*** Opening Entries supplied ***

(* For $k\ge2$, the minimum Hamming distance of $\mathcal{S}_k^\beta$ is $d_H(\mathcal{S}_k^\beta)=L_\beta(k)-q^{s-1}L_\beta(k-1)=q^{s(k-1)}$, where $L_\beta(m)=q^{(s-1)(m-1)}\frac{q^m-1}{q-1}$.
   Context: Let $R$ be a finite commutative chain ring with maximal ideal $\langle\gamma\rangle$, nilpotency index $s$ and residue field $R/\langle\gamma\rangle\cong\mathbb{F}_q$. Fix coset representatives $T=\{e_0,\dots,e_{q-1}\}$ with $e_0=0,e_1=1$, ordered $e_0<\dots<e_{q-1}$; each $r\in R$ is uniquely $\sum_{i=0}^{s-1}r_i\gamma^i$, $r_i\in T$; order $R$ by $x>y$ iff $x_i>y_i$ in $T$ for the largest $i$ with $x_i\neq y_i$; list $R=\{\rho_0,\dots,\rho_{q^s-1}\}$ increasingly. $\mathbf{a}^{(m)}$ is the constant vector of length $m$. Define $G_1^\alpha=(\rho_0\ \cdots\ \rho_{q^s-1})$ and, for $k>1$, $G_k^\alpha$ as the matrix of $q^s$ column blocks, the $j$-th having first row $\boldsymbol{\rho_j}^{(q^{s(k-1)})}$ and $G_{k-1}^\alpha$ below. List $\langle\gamma\rangle$ increasingly as $a_0\gamma<\dots<a_{q^{s-1}-1}\gamma$. Define $G_1^\beta=(1)$ and, for $k>1$, $G_k^\beta$ as the matrix with column blocks: first a block with first row $\mathbf{1}^{(q^{s(k-1)})}$ and $G_{k-1}^\alpha$ below; then for each $j=0,\dots,q^{s-1}-1$ a block with first row the constant vector with entry $a_j\gamma$ and $G_{k-1}^\beta$ below. $\mathcal{S}_k^\beta$ is the $R$-submodule generated by the rows of $G_k^\beta$. The minimum Hamming distance of a code is the minimum Hamming distance (number of differing coordinates) between two distinct codewords. *)

theory Defs
  imports Main
begin

definition is_ideal :: "'a::comm_ring_1 set \<Rightarrow> bool" where
  "is_ideal I \<longleftrightarrow> 0 \<in> I \<and> (\<forall>x\<in>I. \<forall>y\<in>I. x + y \<in> I) \<and> (\<forall>r. \<forall>x\<in>I. r * x \<in> I)"

definition principal_ideal :: "'a::comm_ring_1 \<Rightarrow> 'a set" where
  "principal_ideal g = range (\<lambda>r. r * g)"

definition maximal_ideal :: "'a::comm_ring_1 set \<Rightarrow> bool" where
  "maximal_ideal I \<longleftrightarrow> is_ideal I \<and> I \<noteq> UNIV \<and>
     (\<forall>J. is_ideal J \<longrightarrow> I \<subseteq> J \<longrightarrow> J = I \<or> J = UNIV)"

*** Closing Entries supplied ***

From the records, copy every line that has the string "longleftrightarrow" in it.

--- Completed task ---
  "is_ideal I \<longleftrightarrow> 0 \<in> I \<and> (\<forall>x\<in>I. \<forall>y\<in>I. x + y \<in> I) \<and> (\<forall>r. \<forall>x\<in>I. r * x \<in> I)"
  "maximal_ideal I \<longleftrightarrow> is_ideal I \<and> I \<noteq> UNIV \<and>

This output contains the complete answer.